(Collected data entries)
########################################

(* The fundamental group $\pi_1(\mathrm{Conf}^{lf}_\infty(\mathbb C),\widetilde{\mathbb N})$ is uncountable.
   Context: $\mathrm{Conf}^{lf}_\infty(\mathbb C)$ is the set of sequences $(x_j)_{j\ge1}$ of pairwise distinct complex numbers such that $\{j:|x_j|\le R\}$ is finite for all $R>0$, with metric $d_{\Sigma}(x,y)=\sum_j2^{-j}\min\{|x_j-y_j|,1\}+d_{\mathcal V}(P(x),P(y))$, where $P(x)=\{x_j\}$ and $d_{\mathcal V}$ is the vague metric $d_{\mathcal V}(A,B)=\sum_j 2^{-j}\frac{|\sum_{a\in A}\varphi_j(a)-\sum_{b\in B}\varphi_j(b)|}{1+|\sum_{a\in A}\varphi_j(a)-\sum_{b\in B}\varphi_j(b)|}$ for a fixed sequence $(\varphi_j)$ of compactly supported continuous real functions such that for each $m$ those supported in $\{|z|\le m\}$ are sup-norm dense among such functions supported in $\{|z|\le m\}$. $\widetilde{\mathbb N}=(1,2,3,\dots)$. *)

theory Defs
  imports "HOL-Analysis.Analysis"
begin

text \<open>Sequences are indexed from 0 here: the paper's x_j (j \<ge> 1) is x (j-1).\<close>

definition conf_lf :: "(nat \<Rightarrow> complex) set" where
  "conf_lf = {x. inj x \<and> (\<forall>R>0. finite {j. cmod (x j) \<le> R})}"

definition nat_config :: "nat \<Rightarrow> complex" where
  "nat_config j = of_nat (j + 1)"

definition admissible_tests :: "(nat \<Rightarrow> complex \<Rightarrow> real) \<Rightarrow> bool" where
  "admissible_tests \<phi> \<longleftrightarrow>
     (\<forall>j. continuous_on UNIV (\<phi> j) \<and> compact (closure {z. \<phi> j z \<noteq> 0})) \<and>
     (\<forall>m::nat. \<forall>f::complex \<Rightarrow> real. \<forall>\<epsilon>>0.
        continuous_on UNIV f \<and> closure {z. f z \<noteq> 0} \<subseteq> cball 0 (real m) \<longrightarrow>
        (\<exists>j. closure {z. \<phi> j z \<noteq> 0} \<subseteq> cball 0 (real m) \<and>
             (\<forall>z. \<bar>f z - \<phi> j z\<bar> < \<epsilon>)))"

text \<open>Integral of a test function against the counting measure of a locally finite set
  (the set of non-zero terms is finite).\<close>
definition test_sum :: "(complex \<Rightarrow> real) \<Rightarrow> complex set \<Rightarrow> real" where
  "test_sum g A = (\<Sum>a\<in>A \<inter> {z. g z \<noteq> 0}. g a)"

definition vague_dist :: "(nat \<Rightarrow> complex \<Rightarrow> real) \<Rightarrow> complex set \<Rightarrow> complex set \<Rightarrow> real" where
  "vague_dist \<phi> A B = (\<Sum>j. (1/2) ^ (j + 1) *
      (\<bar>test_sum (\<phi> j) A - test_sum (\<phi> j) B\<bar> / (1 + \<bar>test_sum (\<phi> j) A - test_sum (\<phi> j) B\<bar>)))"

definition conf_dist :: "(nat \<Rightarrow> complex \<Rightarrow> real) \<Rightarrow> (nat \<Rightarrow> complex) \<Rightarrow> (nat \<Rightarrow> complex) \<Rightarrow> real" where
  "conf_dist \<phi> x y = (\<Sum>j. (1/2) ^ (j + 1) * min (cmod (x j - y j)) 1)
                      + vague_dist \<phi> (range x) (range y)"

definition conf_topology :: "(nat \<Rightarrow> complex \<Rightarrow> real) \<Rightarrow> (nat \<Rightarrow> complex) topology" where
  "conf_topology \<phi> = Metric_space.mtopology conf_lf (conf_dist \<phi>)"

definition loops_at :: "'a topology \<Rightarrow> 'a \<Rightarrow> (real \<Rightarrow> 'a) set" where
  "loops_at X b = {g. pathin X g \<and> g 0 = b \<and> g 1 = b}"

definition loop_homotopic :: "'a topology \<Rightarrow> 'a \<Rightarrow> (real \<Rightarrow> 'a) \<Rightarrow> (real \<Rightarrow> 'a) \<Rightarrow> bool" where
  "loop_homotopic X b p q \<longleftrightarrow>
     (\<exists>h. continuous_map (prod_topology (top_of_set {0..1::real}) (top_of_set {0..1::real})) X h \<and>
          (\<forall>s\<in>{0..1}. h (0, s) = p s \<and> h (1, s) = q s) \<and>
          (\<forall>t\<in>{0..1}. h (t, 0) = b \<and> h (t, 1) = b))"

definition fundamental_group_set :: "'a topology \<Rightarrow> 'a \<Rightarrow> (real \<Rightarrow> 'a) set set" where
  "fundamental_group_set X b =
     loops_at X b // {(p, q). p \<in> loops_at X b \<and> q \<in> loops_at X b \<and> loop_homotopic X b p q}"

end

theory Submission
  imports Defs "HOL-Complex_Analysis.Complex_Analysis"
begin

text \<open>For a set S of natural numbers, let the k-th pair of points 2k+1, 2k+2 of the base
  configuration make one full turn about its midpoint if k \<in> S and stay fixed otherwise.
  Each test function sees only finitely many points of a locally finite configuration, so a
  uniform motion of all points is continuous for the metric; hence these motions are loops.
  The two points of a pair never collide, so the winding number of their difference around 0
  is a homotopy invariant of loops; it is 1 for k \<in> S and 0 otherwise. The loops are therefore
  pairwise non-homotopic, and the fundamental group contains a copy of the power set of \<nat>.\<close>

lemma weights_sums: "(\<lambda>j. (1/2::real) ^ (j + 1)) sums 1"
  using sums_mult[OF geometric_sums[of "1/2::real"], of "1/2"] by simp

lemma summable_weighted:
  fixes a :: "nat \<Rightarrow> real"
  assumes "\<And>j. \<bar>a j\<bar> \<le> 1"
  shows "summable (\<lambda>j. (1/2) ^ (j + 1) * a j)"
proof (rule summable_comparison_test)
  show "\<exists>N. \<forall>j\<ge>N. norm ((1/2::real) ^ (j + 1) * a j) \<le> (1/2) ^ (j + 1)"
    using assms by (auto simp: abs_mult intro: mult_left_le)
qed (use weights_sums in \<open>rule sums_summable\<close>)

lemma weighted_suminf_nonneg:
  fixes a :: "nat \<Rightarrow> real"
  assumes "\<And>j. 0 \<le> a j" "\<And>j. a j \<le> 1"
  shows "0 \<le> (\<Sum>j. (1/2) ^ (j + 1) * a j)"
  using assms by (intro suminf_nonneg summable_weighted) auto

lemma weighted_term_le_suminf:
  fixes a :: "nat \<Rightarrow> real"
  assumes "\<And>j. 0 \<le> a j" "\<And>j. a j \<le> 1"
  shows "(1/2) ^ (k + 1) * a k \<le> (\<Sum>j. (1/2) ^ (j + 1) * a j)"
  using sum_le_suminf[OF summable_weighted, of a "{k}"] assms by (simp add: abs_le_iff)

lemma weighted_suminf_triangle:
  fixes a b c :: "nat \<Rightarrow> real"
  assumes "\<And>j. \<bar>a j\<bar> \<le> 1" "\<And>j. \<bar>b j\<bar> \<le> 1" "\<And>j. \<bar>c j\<bar> \<le> 1"
    and "\<And>j. a j \<le> b j + c j"
  shows "(\<Sum>j. (1/2) ^ (j + 1) * a j) \<le> (\<Sum>j. (1/2) ^ (j + 1) * b j) + (\<Sum>j. (1/2) ^ (j + 1) * c j)"
proof -
  have "(\<Sum>j. (1/2) ^ (j + 1) * a j) \<le> (\<Sum>j. (1/2) ^ (j + 1) * b j + (1/2) ^ (j + 1) * c j)"
    using assms by (intro suminf_le summable_add summable_weighted) (auto simp flip: distrib_left)
  also have "\<dots> = (\<Sum>j. (1/2) ^ (j + 1) * b j) + (\<Sum>j. (1/2) ^ (j + 1) * c j)"
    using assms by (intro suminf_add[symmetric] summable_weighted)
  finally show ?thesis .
qed

lemma min_dist_one_triangle:
  fixes x y z :: "'a::metric_space"
  shows "min (dist x z) 1 \<le> min (dist x y) 1 + min (dist y z) 1"
  using dist_triangle[of x z y] zero_le_dist[of x y] zero_le_dist[of y z] by linarith

lemma abs_diff_div_one_plus_triangle:
  fixes a b c :: real
  shows "\<bar>a - c\<bar> / (1 + \<bar>a - c\<bar>) \<le> \<bar>a - b\<bar> / (1 + \<bar>a - b\<bar>) + \<bar>b - c\<bar> / (1 + \<bar>b - c\<bar>)"
proof -
  have mono: "s / (1 + s) \<le> t / (1 + t)" if "0 \<le> s" "s \<le> t" for s t :: real
    using that by (simp add: divide_simps) (simp add: algebra_simps)
  have subadd: "(s + t) / (1 + (s + t)) \<le> s / (1 + s) + t / (1 + t)" if "0 \<le> s" "0 \<le> t" for s t :: real
    using that by (simp add: divide_simps) (auto simp: algebra_simps)
  have "\<bar>a - c\<bar> \<le> \<bar>a - b\<bar> + \<bar>b - c\<bar>"
    by arith
  then show ?thesis
    using order_trans[OF mono subadd] by simp
qed

lemma vague_dist_triangle: "vague_dist \<phi> A C \<le> vague_dist \<phi> A B + vague_dist \<phi> B C"
  unfolding vague_dist_def
  by (rule weighted_suminf_triangle) (simp_all add: abs_diff_div_one_plus_triangle)

lemma vague_dist_nonneg: "0 \<le> vague_dist \<phi> A B"
  unfolding vague_dist_def by (rule weighted_suminf_nonneg) auto

lemma conf_dist_ge_coordinate: "(1/2) ^ (k + 1) * min (cmod (x k - y k)) 1 \<le> conf_dist \<phi> x y"
proof -
  have "(1/2) ^ (k + 1) * min (cmod (x k - y k)) 1 \<le> (\<Sum>j. (1/2) ^ (j + 1) * min (cmod (x j - y j)) 1)"
    by (rule weighted_term_le_suminf) auto
  then show ?thesis
    unfolding conf_dist_def using vague_dist_nonneg[of \<phi> "range x" "range y"] by linarith
qed

lemma conf_dist_nonneg: "0 \<le> conf_dist \<phi> x y"
  unfolding conf_dist_def by (intro add_nonneg_nonneg weighted_suminf_nonneg vague_dist_nonneg) auto

lemma conf_dist_commute: "conf_dist \<phi> x y = conf_dist \<phi> y x"
  unfolding conf_dist_def vague_dist_def by (simp add: norm_minus_commute abs_minus_commute)

lemma conf_dist_triangle: "conf_dist \<phi> x z \<le> conf_dist \<phi> x y + conf_dist \<phi> y z"
proof -
  have "(\<Sum>j. (1/2) ^ (j + 1) * min (cmod (x j - z j)) 1) \<le>
        (\<Sum>j. (1/2) ^ (j + 1) * min (cmod (x j - y j)) 1) + (\<Sum>j. (1/2) ^ (j + 1) * min (cmod (y j - z j)) 1)"
    by (rule weighted_suminf_triangle) (simp_all add: min_dist_one_triangle flip: dist_complex_def)
  then show ?thesis
    unfolding conf_dist_def using vague_dist_triangle[of \<phi> "range x" "range z" "range y"] by linarith
qed

lemma conf_dist_eq_0_iff: "conf_dist \<phi> x y = 0 \<longleftrightarrow> x = y"
proof
  assume "conf_dist \<phi> x y = 0"
  then have "(1/2) ^ (k + 1) * min (cmod (x k - y k)) 1 \<le> 0" for k
    by (metis conf_dist_ge_coordinate)
  then show "x = y"
    by (intro ext) (auto simp: mult_le_0_iff power_le_zero_eq min_le_iff_disj)
qed (simp add: conf_dist_def vague_dist_def)

lemma conf_dist_metric: "Metric_space M (conf_dist \<phi>)"
  by unfold_locales (auto simp: conf_dist_nonneg conf_dist_commute conf_dist_triangle conf_dist_eq_0_iff)

lemma topspace_conf_topology: "topspace (conf_topology \<phi>) = conf_lf"
  by (simp add: conf_topology_def Metric_space.topspace_mtopology[OF conf_dist_metric])

lemma continuous_map_conf_coordinate: "continuous_map (conf_topology \<phi>) euclidean (\<lambda>x. x k)"
  unfolding conf_topology_def Metric_space.continuous_map_from_metric[OF conf_dist_metric]
proof (intro conjI ballI allI impI)
  fix a :: "nat \<Rightarrow> complex" and U assume "openin euclidean U \<and> a k \<in> U"
  then obtain e where e: "e > 0" "ball (a k) e \<subseteq> U"
    using open_contains_ball by force
  show "\<exists>r>0. \<forall>x. x \<in> conf_lf \<and> conf_dist \<phi> a x < r \<longrightarrow> x k \<in> U"
  proof (intro exI conjI allI impI)
    show "(1/2) ^ (k + 1) * min e 1 > (0::real)"
      using e by simp
    fix x assume "x \<in> conf_lf \<and> conf_dist \<phi> a x < (1/2) ^ (k + 1) * min e 1"
    then have "(1/2) ^ (k + 1) * min (cmod (a k - x k)) 1 < (1/2) ^ (k + 1) * min e 1"
      using conf_dist_ge_coordinate[of k a x \<phi>] by linarith
    then have "cmod (a k - x k) < e"
      by (auto simp: mult_less_cancel_left_pos min_def split: if_splits)
    then show "x k \<in> U"
      using e by (auto simp: dist_norm)
  qed
qed simp

lemma tendsto_weighted_suminf_zero:
  fixes a :: "nat \<Rightarrow> 'a \<Rightarrow> real"
  assumes "\<And>j. ((\<lambda>s. a j s) \<longlongrightarrow> 0) F" and "\<And>j s. \<bar>a j s\<bar> \<le> 1"
  shows "((\<lambda>s. \<Sum>j. (1/2) ^ (j + 1) * a j s) \<longlongrightarrow> 0) F"
proof (cases "F = bot")
  case False
  have "((\<lambda>s. \<Sum>j. (1/2) ^ (j + 1) * a j s) \<longlongrightarrow> (\<Sum>j. (1/2::real) ^ (j + 1) * 0)) F"
  proof (rule tannerys_theorem[THEN conjunct2, THEN conjunct2])
    show "((\<lambda>s. (1/2) ^ (j + 1) * a j s) \<longlongrightarrow> (1/2) ^ (j + 1) * 0) F" for j
      by (intro tendsto_intros assms(1))
    show "\<forall>\<^sub>F (j, s) in at_top \<times>\<^sub>F F. norm ((1/2::real) ^ (j + 1) * a j s) \<le> (1/2) ^ (j + 1)"
      using assms(2) by (intro always_eventually) (auto simp: abs_mult intro: mult_left_le)
  qed (use False weights_sums in \<open>auto intro: sums_summable\<close>)
  then show ?thesis
    by simp
qed simp

lemma test_sum_eq_sum_indices:
  assumes "inj y" "finite K" "\<And>k. g (y k) \<noteq> 0 \<Longrightarrow> k \<in> K"
  shows "test_sum g (range y) = (\<Sum>k\<in>K. g (y k))"
proof -
  have "test_sum g (range y) = sum g (y ` K)"
    unfolding test_sum_def using assms by (intro sum.mono_neutral_left) auto
  also have "\<dots> = (\<Sum>k\<in>K. g (y k))"
    using sum.reindex[OF inj_on_subset[OF assms(1)]] by simp
  finally show ?thesis .
qed

lemma tendsto_test_sum:
  fixes g :: "complex \<Rightarrow> real"
  assumes g: "continuous_on UNIV g" "bounded {z. g z \<noteq> 0}"
    and x: "x \<in> conf_lf" and y: "\<forall>\<^sub>F s in F. inj (y s)" and lim: "uniform_limit UNIV y x F"
  shows "((\<lambda>s. test_sum g (range (y s))) \<longlongrightarrow> test_sum g (range x)) F"
proof -
  obtain R where R: "R > 0" "\<And>z. g z \<noteq> 0 \<Longrightarrow> cmod z \<le> R"
    using g(2) unfolding bounded_pos by auto
  define K where "K = {k. cmod (x k) \<le> R + 1}"
  have K: "finite K"
    using x R(1) by (simp add: conf_lf_def K_def)
  have sum_x: "test_sum g (range x) = (\<Sum>k\<in>K. g (x k))"
    using x K by (intro test_sum_eq_sum_indices) (auto simp: conf_lf_def K_def dest: R(2))
  have "((\<lambda>s. \<Sum>k\<in>K. g (y s k)) \<longlongrightarrow> test_sum g (range x)) F"
    unfolding sum_x
    by (intro tendsto_sum continuous_on_tendsto_compose[OF g(1)] tendsto_uniform_limitI[OF lim]) auto
  moreover have "\<forall>\<^sub>F s in F. (\<Sum>k\<in>K. g (y s k)) = test_sum g (range (y s))"
    using y uniform_limitD[OF lim zero_less_one]
  proof eventually_elim
    case (elim s)
    have "k \<in> K" if "g (y s k) \<noteq> 0" for k
    proof -
      have "cmod (x k) \<le> cmod (y s k) + dist (y s k) (x k)"
        using norm_triangle_sub[of "x k" "y s k"] by (simp add: dist_norm norm_minus_commute)
      moreover have "dist (y s k) (x k) < 1"
        using elim by simp
      ultimately show ?thesis
        using R(2)[OF that] by (simp add: K_def)
    qed
    then show ?case
      using elim K by (intro test_sum_eq_sum_indices[symmetric]) auto
  qed
  ultimately show ?thesis
    by (rule Lim_transform_eventually)
qed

########################################

HOW TO COMPLETE THIS TASK: Going back over the entries above, copy word for word every line from the one that has "uniform motion of" on through the one that has "1) * b j + (1/2)".

TASK SOLUTION:
  uniform motion of all points is continuous for the metric; hence these motions are loops.
  The two points of a pair never collide, so the winding number of their difference around 0
  is a homotopy invariant of loops; it is 1 for k \<in> S and 0 otherwise. The loops are therefore
  pairwise non-homotopic, and the fundamental group contains a copy of the power set of \<nat>.\<close>

lemma weights_sums: "(\<lambda>j. (1/2::real) ^ (j + 1)) sums 1"
  using sums_mult[OF geometric_sums[of "1/2::real"], of "1/2"] by simp

lemma summable_weighted:
  fixes a :: "nat \<Rightarrow> real"
  assumes "\<And>j. \<bar>a j\<bar> \<le> 1"
  shows "summable (\<lambda>j. (1/2) ^ (j + 1) * a j)"
proof (rule summable_comparison_test)
  show "\<exists>N. \<forall>j\<ge>N. norm ((1/2::real) ^ (j + 1) * a j) \<le> (1/2) ^ (j + 1)"
    using assms by (auto simp: abs_mult intro: mult_left_le)
qed (use weights_sums in \<open>rule sums_summable\<close>)

lemma weighted_suminf_nonneg:
  fixes a :: "nat \<Rightarrow> real"
  assumes "\<And>j. 0 \<le> a j" "\<And>j. a j \<le> 1"
  shows "0 \<le> (\<Sum>j. (1/2) ^ (j + 1) * a j)"
  using assms by (intro suminf_nonneg summable_weighted) auto

lemma weighted_term_le_suminf:
  fixes a :: "nat \<Rightarrow> real"
  assumes "\<And>j. 0 \<le> a j" "\<And>j. a j \<le> 1"
  shows "(1/2) ^ (k + 1) * a k \<le> (\<Sum>j. (1/2) ^ (j + 1) * a j)"
  using sum_le_suminf[OF summable_weighted, of a "{k}"] assms by (simp add: abs_le_iff)

lemma weighted_suminf_triangle:
  fixes a b c :: "nat \<Rightarrow> real"
  assumes "\<And>j. \<bar>a j\<bar> \<le> 1" "\<And>j. \<bar>b j\<bar> \<le> 1" "\<And>j. \<bar>c j\<bar> \<le> 1"
    and "\<And>j. a j \<le> b j + c j"
  shows "(\<Sum>j. (1/2) ^ (j + 1) * a j) \<le> (\<Sum>j. (1/2) ^ (j + 1) * b j) + (\<Sum>j. (1/2) ^ (j + 1) * c j)"
proof -
  have "(\<Sum>j. (1/2) ^ (j + 1) * a j) \<le> (\<Sum>j. (1/2) ^ (j + 1) * b j + (1/2) ^ (j + 1) * c j)"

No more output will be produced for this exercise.